Manufacturer maintenance requirements matter for warranty

EV manufacturers typically require specific inspections at defined intervals — often every 12 or 24 months — as a condition of full warranty coverage. These include brake fluid changes, cabin filter replacements, coolant system inspections, tire rotations, and software updates. Owners who neglect these requirements may have warranty claims denied even for issues entirely unrelated to the neglected item.

Check the specific owner's manual for your Nissan Leaf to understand what inspections are required and when. A vehicle with a complete documented inspection history is measurably more valuable — and lower risk — than an otherwise identical vehicle without maintenance records. When buying used, verify the service history yourself with the manufacturer's dealer network; don't rely solely on what the seller tells you.

What this rating means, specifically

A high failure index score indicates that the category of vehicle (this model, this year, this platform) carries elevated risk relative to alternatives. It does not mean any specific 2020 Nissan Leaf you encounter will fail. Conversely, a low failure index score does not guarantee a specific well-maintained vehicle is risk-free — a neglected low-risk vehicle can easily be worse than a well-maintained high-risk vehicle.

The rating is a starting point for due diligence, not a substitute for it.
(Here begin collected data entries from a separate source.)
text \<open>
  Second moment method for the number X of sets N v missed by A: E X = \<mu> and, since distinct
  N u, N v share at most one element, E X^2 \<le> \<mu> + \<mu>^2 / (1 - q1).
\<close>

lemma coupled_prob_meets_all_le:
  fixes N :: "'v \<Rightarrow> 'a set set" and q1 q2 :: real
  assumes "finite E" "0 \<le> q1" "q1 \<le> q2" "q2 \<le> 1" "q1 < 1" "finite V" "V \<noteq> {}" "1 \<le> k"
    and N: "\<And>v. v \<in> V \<Longrightarrow> N v \<subseteq> E \<and> card (N v) = k"
    and overlap: "\<And>u v. u \<in> V \<Longrightarrow> v \<in> V \<Longrightarrow> u \<noteq> v \<Longrightarrow> card (N u \<inter> N v) \<le> 1"
  shows "coupled_prob E q1 q2 (\<lambda>A B. \<forall>v\<in>V. A \<inter> N v \<noteq> {}) \<le>
           1 / (card V * (1 - q1) ^ k) + q1 / (1 - q1)"
proof -
  define X where "X A B = (\<Sum>v\<in>V. of_bool (A \<inter> N v = {}) :: real)" for A B :: "'a set set"
  define \<mu> where "\<mu> = card V * (1 - q1) ^ k"
  have mean: "coupled_expectation E q1 q2 X = \<mu>"
    unfolding X_def \<mu>_def coupled_expectation_sum coupled_prob_eq_expectation[symmetric]
    using coupled_prob_avoid[OF assms(1) empty_subsetI] N by simp
  have second: "coupled_expectation E q1 q2 (\<lambda>A B. X A B ^ 2) \<le> \<mu> + \<mu>\<^sup>2 / (1 - q1)"
    unfolding X_def \<mu>_def by (rule coupled_expectation_missed_sq_le) (use assms N overlap in auto)
  have "0 < \<mu>" unfolding \<mu>_def using assms(5-7) by (simp add: card_gt_0_iff)
  have "coupled_prob E q1 q2 (\<lambda>A B. \<forall>v\<in>V. A \<inter> N v \<noteq> {}) = coupled_prob E q1 q2 (\<lambda>A B. X A B = 0)"
    unfolding X_def using assms(6)
    by (intro arg_cong[where f = "coupled_prob E q1 q2"] ext) (auto simp: sum_nonneg_eq_0_iff)
  also have "\<dots> \<le> (\<mu> + \<mu>\<^sup>2 / (1 - q1) - \<mu>\<^sup>2) / \<mu>\<^sup>2"
  proof -
    have "(coupled_expectation E q1 q2 (\<lambda>A B. X A B ^ 2) - \<mu>\<^sup>2) / \<mu>\<^sup>2 \<le>
          (\<mu> + \<mu>\<^sup>2 / (1 - q1) - \<mu>\<^sup>2) / \<mu>\<^sup>2"
      using second by (intro divide_right_mono) auto
    then show ?thesis
      using coupled_prob_eq_zero_le_variance[OF assms(1-4), of X] mean \<open>0 < \<mu>\<close> by simp
  qed
  also have "\<dots> = 1 / \<mu> + q1 / (1 - q1)"
    using \<open>0 < \<mu>\<close> assms(5) by (simp add: field_simps power2_eq_square)
  finally show ?thesis unfolding \<mu>_def .
qed

section \<open>Isolated vertices of regular graphs\<close>

definition incident_edges :: "'a set set \<Rightarrow> 'a \<Rightarrow> 'a set set" where
  "incident_edges E v = {e\<in>E. v \<in> e}"

lemma simple_graph_finite_edges:
  assumes "simple_graph V E"
  shows "finite E"
proof -
  have "E \<subseteq> Pow V" "finite V" using assms unfolding simple_graph_def by auto
  then show ?thesis by (simp add: finite_subset)
qed

lemma regular_card_incident_edges:
  "regular V E k \<Longrightarrow> v \<in> V \<Longrightarrow> card (incident_edges E v) = k"
  unfolding regular_def degree_def incident_edges_def by simp

lemma isolated_iff_incident_edges:
  "A \<subseteq> E \<Longrightarrow> isolated V A v \<longleftrightarrow> v \<in> V \<and> A \<inter> incident_edges E v = {}"
  unfolding isolated_def incident_edges_def by auto

lemma simple_graph_card_incident_edges_Int:
  assumes "simple_graph V E" "u \<noteq> v"
  shows "card (incident_edges E u \<inter> incident_edges E v) \<le> 1"
proof -
  have "incident_edges E u \<inter> incident_edges E v \<subseteq> {{u, v}}"
  proof
    fix e assume "e \<in> incident_edges E u \<inter> incident_edges E v"
    then have "e \<in> E" "u \<in> e" "v \<in> e" unfolding incident_edges_def by auto
    then obtain x y where "e = {x, y}" using assms(1) unfolding simple_graph_def by blast
    then show "e \<in> {{u, v}}" using \<open>u \<in> e\<close> \<open>v \<in> e\<close> assms(2) by auto
  qed
  then show ?thesis using card_mono[of "{{u, v}}"] by simp
qed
This rating is an editorial assessment based on publicly available data and is not a safety rating, reliability guarantee, or buying recommendation. Individual vehicle condition varies substantially based on owner maintenance, driving style, charging habits, and environmental exposure. A high risk score does not predict failure of any specific vehicle, and a low risk score does not guarantee reliability. Always commission a pre-purchase inspection from a qualified EV technician, verify recall completion through the manufacturer and relevant regulator, and review complete service history before any significant purchase decision.